INPUT RECORDS |

(* Let $n \ge 2$ and let $K_n$ be the complete graph on $n$ vertices (the interaction graph of a dense one-body Fermionic Hamiltonian on $n$ sites). Then: (i) $d_{\mathrm{swap}}(K_n) = n-2$, and there exists a swap network for $K_n$ with swap depth $n-2$ and $n$ interaction layers; (ii) if $n$ is odd, every swap network for $K_n$ has at least $n$ interaction layers (so $n$ interaction layers is optimal); (iii) if $n$ is even and $n > 2$, the minimum number of interaction layers over all swap networks for $K_n$ is $n-1$, and no swap network for $K_n$ has simultaneously swap depth $n-2$ and $n-1$ interaction layers.
   Context: Linear-connectivity swap network model. Let $G=(V,E)$ be a finite graph with $|V|=n$. Qubits occupy positions $0,1,\ldots,n-1$ on a line. A configuration is a bijection $\pi: V \to \{0,\ldots,n-1\}$. A swap layer is a set of pairwise disjoint pairs of adjacent positions $\{i,i+1\}$; applying it to a configuration exchanges the vertices located at the two positions of each pair. A swap network for $G$ consists of an initial configuration $\pi_0$ (chosen freely) and a sequence of swap layers $L_1,\ldots,L_d$, producing configurations $\pi_0,\pi_1,\ldots,\pi_d$, together with a sequence of interaction layers, each attached to some configuration $\pi_t$ (several interaction layers may be attached to the same configuration); an interaction layer at $\pi_t$ is a set of pairwise disjoint edges $\{v,w\}\in E$ with $|\pi_t(v)-\pi_t(w)|=1$ (so each vertex takes part in at most one interaction per layer). It is required that every edge of $G$ belongs to some interaction layer. The swap depth of the network is $d$ and its interaction depth is the number of interaction layers. $d_{\mathrm{swap}}(G)$ denotes the minimum swap depth over all swap networks for $G$. *)

theory Defs
  imports Main
begin
lemma weak_le_pcross_pinv_iff:
  assumes z: "z \<in> Shuf p q" and u': "u' \<in> Perms p" and v': "v' \<in> Perms q"
    and y: "length y = p + q"
  shows "weak_le (pcomp (pcross u' v') (pinv z)) y \<longleftrightarrow>
    weak_le (pinv z) y \<and> weak_le u' (st (take p (pcomp y z))) \<and> weak_le v' (st (drop p (pcomp y z)))"
proof -
  let ?c = "pcross u' v'" and ?yz = "pcomp y z"
  have zP: "z \<in> Perms (p + q)" using z by (simp add: Shuf_def)
  have lc: "length ?c = p + q" and lyz: "length ?yz = p + q"
    using u' v' zP by (simp_all add: pcross_def length_Perms)
  note c_less = pcross_nth_less_iff[OF u' v'] and z_less = Shuf_nth_less_iff[OF z]
  show ?thesis
    unfolding weak_le_pcomp_pinv_iff[OF zP lc y] weak_le_pinv_iff[OF zP y]
      weak_le_st_take_iff[OF length_Perms[OF u'] lyz] weak_le_st_drop_iff[OF length_Perms[OF v'] lyz]
  proof (intro iffI conjI allI impI; (elim conjE)?)
    assume H: "\<forall>i<p + q. \<forall>j<p + q. z ! i < z ! j \<and> ?c ! j < ?c ! i \<longrightarrow> ?yz ! j < ?yz ! i"
    fix i j
    show "?yz ! j < ?yz ! i" if "i < p + q" "j < p + q" "z ! i < z ! j" "j < i"
    proof -
      have "j < p" "\<not> i < p" using that z_less[of i j] by (cases "j < p"; auto)+
      then show ?thesis using H that c_less[of i j] by auto
    qed
    show "?yz ! j < ?yz ! i" if "i < p" "j < p" "i < j" "u' ! j < u' ! i"
      using H that z_less[of i j] c_less[of i j] by auto
    show "?yz ! (p + j) < ?yz ! (p + i)" if "i < q" "j < q" "i < j" "v' ! j < v' ! i"
      using H that z_less[of "p + i" "p + j"] c_less[of "p + i" "p + j"] by auto
  next
    assume cross: "\<forall>i<p + q. \<forall>j<p + q. z ! i < z ! j \<and> j < i \<longrightarrow> ?yz ! j < ?yz ! i"
      and first: "\<forall>i<p. \<forall>j<p. i < j \<and> u' ! j < u' ! i \<longrightarrow> ?yz ! j < ?yz ! i"
      and second: "\<forall>i<q. \<forall>j<q. i < j \<and> v' ! j < v' ! i \<longrightarrow> ?yz ! (p + j) < ?yz ! (p + i)"
    fix i j assume ij: "i < p + q" "j < p + q" "z ! i < z ! j" "?c ! j < ?c ! i"
    consider "i < p" "j < p" | "\<not> i < p" "j < p" | "\<not> i < p" "\<not> j < p"
      using ij c_less[of i j] by (cases "i < p"; cases "j < p") auto
    then show "?yz ! j < ?yz ! i"
    proof cases
      case 1
      then show ?thesis using first ij z_less[of i j] c_less[of i j] by auto
    next
      case 2
      then show ?thesis using cross ij by auto
    next
      case 3
      then have "i - p < j - p" "v' ! (j - p) < v' ! (i - p)" "i - p < q" "j - p < q"
        using ij z_less[of i j] c_less[of i j] by auto
      then show ?thesis using second 3 by fastforce
    qed
  qed
qed
(* Let $R$ be a commutative Noetherian ring with $1$ in which linear equations are solvable, let $>$ be a local degree ordering on $\operatorname{Mon}_n$, let $I$ be an ideal of $R[x_1,\ldots,x_n]$, and let $G$ be a standard basis (respectively a strong standard basis) of $I$ with respect to $>$. Then $G$ is a standard basis (respectively a strong standard basis) of $I\,R[[x_1,\ldots,x_n]]$.
   Context: Linear equations are solvable in $R$ means: for any $a,a_1,\ldots,a_m\in R$ there are algorithms to compute generators of $\{(b_1,\ldots,b_m)\in R^m:\sum a_ib_i=0\}$, to decide whether $a\in\langle a_1,\ldots,a_m\rangle$, and if so to compute $b_i$ with $a=\sum b_ia_i$. A monomial ordering is a total ordering $>$ on $\operatorname{Mon}_n=\{x^\alpha\}$ compatible with multiplication; it is local if $x^\alpha<1$ for all $\alpha\neq0$, and a local degree ordering if it is local and $x^\alpha>x^\beta$ implies $\deg x^\alpha\le\deg x^\beta$. For a nonzero polynomial or power series $f=\sum_{v\ge0}a_vx^{\alpha_v}$ with $a_v\neq0$ and $x^{\alpha_0}>x^{\alpha_1}>\cdots$, $LM(f)=x^{\alpha_0}$, $LC(f)=a_0$, $LT(f)=a_0x^{\alpha_0}$. $S_>=\{u\in R[x_1,\ldots,x_n]\setminus\{0\}:LT(u)=1\}$, $R[x_1,\ldots,x_n]_>=S_>^{-1}R[x_1,\ldots,x_n]$, which (for local $>$) is naturally contained in $R[[x_1,\ldots,x_n]]$; for $f\in R[x_1,\ldots,x_n]_>$, $LT(f):=LT(uf)$ for $u\in S_>$ with $uf$ a polynomial. For a set $G$, $L(G)$ is the ideal of $R[x_1,\ldots,x_n]$ generated by $\{LT(g):g\in G\}$. A standard basis of an ideal $I$ of $R[x_1,\ldots,x_n]$ means a standard basis of $I\,R[x_1,\ldots,x_n]_>$. For an ideal $J$ (of $R[x_1,\ldots,x_n]_>$ or of $R[[x_1,\ldots,x_n]]$), a finite set $G=\{g_1,\ldots,g_t\}$ is a standard basis of $J$ if $G\subseteq J$ and $L(G)=L(J)$, and a strong standard basis if $G\subseteq J$ and for every $f\in J\setminus\{0\}$ there is $i$ with $LT(g_i)$ dividing $LT(f)$ (i.e. $LT(f)=c\,x^\gamma LT(g_i)$ for some $c\in R$, $x^\gamma\in\operatorname{Mon}_n$). *)

theory Defs
  imports Main
begin

text \<open>Variables x_1..x_n are indexed by a finite type 'v (n = CARD('v)). Power series over R are arbitrary
  coefficient functions; polynomials are those with finite support.\<close>

type_synonym ('v, 'a) ser = "('v \<Rightarrow> nat) \<Rightarrow> 'a"

definition ser_zero :: "('v, 'a::zero) ser" where
  "ser_zero = (\<lambda>_. 0)"

definition ser_add :: "('v, 'a::plus) ser \<Rightarrow> ('v, 'a) ser \<Rightarrow> ('v, 'a) ser" where
  "ser_add f g = (\<lambda>\<alpha>. f \<alpha> + g \<alpha>)"

definition ser_mult :: "('v::finite, 'a::comm_ring_1) ser \<Rightarrow> ('v, 'a) ser \<Rightarrow> ('v, 'a) ser" where
  "ser_mult f g = (\<lambda>\<gamma>. \<Sum>\<alpha>\<in>{\<alpha>. \<forall>i. \<alpha> i \<le> \<gamma> i}. f \<alpha> * g (\<lambda>i. \<gamma> i - \<alpha> i))"

definition monom_term :: "'a::zero \<Rightarrow> ('v \<Rightarrow> nat) \<Rightarrow> ('v, 'a) ser" where
  "monom_term c \<gamma> = (\<lambda>\<alpha>. if \<alpha> = \<gamma> then c else 0)"

definition ser_one :: "('v, 'a::{zero,one}) ser" where
  "ser_one = monom_term 1 (\<lambda>_. 0)"

definition is_poly :: "('v, 'a::zero) ser \<Rightarrow> bool" where
  "is_poly f \<longleftrightarrow> finite {\<alpha>. f \<alpha> \<noteq> 0}"

definition mdeg :: "('v::finite \<Rightarrow> nat) \<Rightarrow> nat" where
  "mdeg \<alpha> = (\<Sum>i\<in>UNIV. \<alpha> i)"

text \<open>gt \<alpha> \<beta> means x^\<alpha> > x^\<beta>.\<close>
definition monomial_ordering :: "(('v \<Rightarrow> nat) \<Rightarrow> ('v \<Rightarrow> nat) \<Rightarrow> bool) \<Rightarrow> bool" where
  "monomial_ordering gt \<longleftrightarrow>
     (\<forall>\<alpha>. \<not> gt \<alpha> \<alpha>) \<and>
     (\<forall>\<alpha> \<beta> \<gamma>. gt \<alpha> \<beta> \<longrightarrow> gt \<beta> \<gamma> \<longrightarrow> gt \<alpha> \<gamma>) \<and>
     (\<forall>\<alpha> \<beta>. \<alpha> \<noteq> \<beta> \<longrightarrow> gt \<alpha> \<beta> \<or> gt \<beta> \<alpha>) \<and>
     (\<forall>\<alpha> \<beta> \<gamma>. gt \<alpha> \<beta> \<longrightarrow> gt (\<lambda>i. \<alpha> i + \<gamma> i) (\<lambda>i. \<beta> i + \<gamma> i))"

definition local_ordering :: "(('v \<Rightarrow> nat) \<Rightarrow> ('v \<Rightarrow> nat) \<Rightarrow> bool) \<Rightarrow> bool" where
  "local_ordering gt \<longleftrightarrow> monomial_ordering gt \<and> (\<forall>\<alpha>. \<alpha> \<noteq> (\<lambda>_. 0) \<longrightarrow> gt (\<lambda>_. 0) \<alpha>)"

definition local_degree_ordering :: "(('v::finite \<Rightarrow> nat) \<Rightarrow> ('v \<Rightarrow> nat) \<Rightarrow> bool) \<Rightarrow> bool" where
  "local_degree_ordering gt \<longleftrightarrow> local_ordering gt \<and> (\<forall>\<alpha> \<beta>. gt \<alpha> \<beta> \<longrightarrow> mdeg \<alpha> \<le> mdeg \<beta>)"

definition LM :: "(('v \<Rightarrow> nat) \<Rightarrow> ('v \<Rightarrow> nat) \<Rightarrow> bool) \<Rightarrow> ('v, 'a::zero) ser \<Rightarrow> ('v \<Rightarrow> nat)" where
  "LM gt f = (THE \<alpha>. f \<alpha> \<noteq> 0 \<and> (\<forall>\<beta>. f \<beta> \<noteq> 0 \<and> \<beta> \<noteq> \<alpha> \<longrightarrow> gt \<alpha> \<beta>))"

HOW TO COMPLETE THIS TASK |
In the listing above, show every line with the word "close".

TASK ANSWER |
  coefficient functions; polynomials are those with finite support.\<close>
text \<open>gt \<alpha> \<beta> means x^\<alpha> > x^\<beta>.\<close>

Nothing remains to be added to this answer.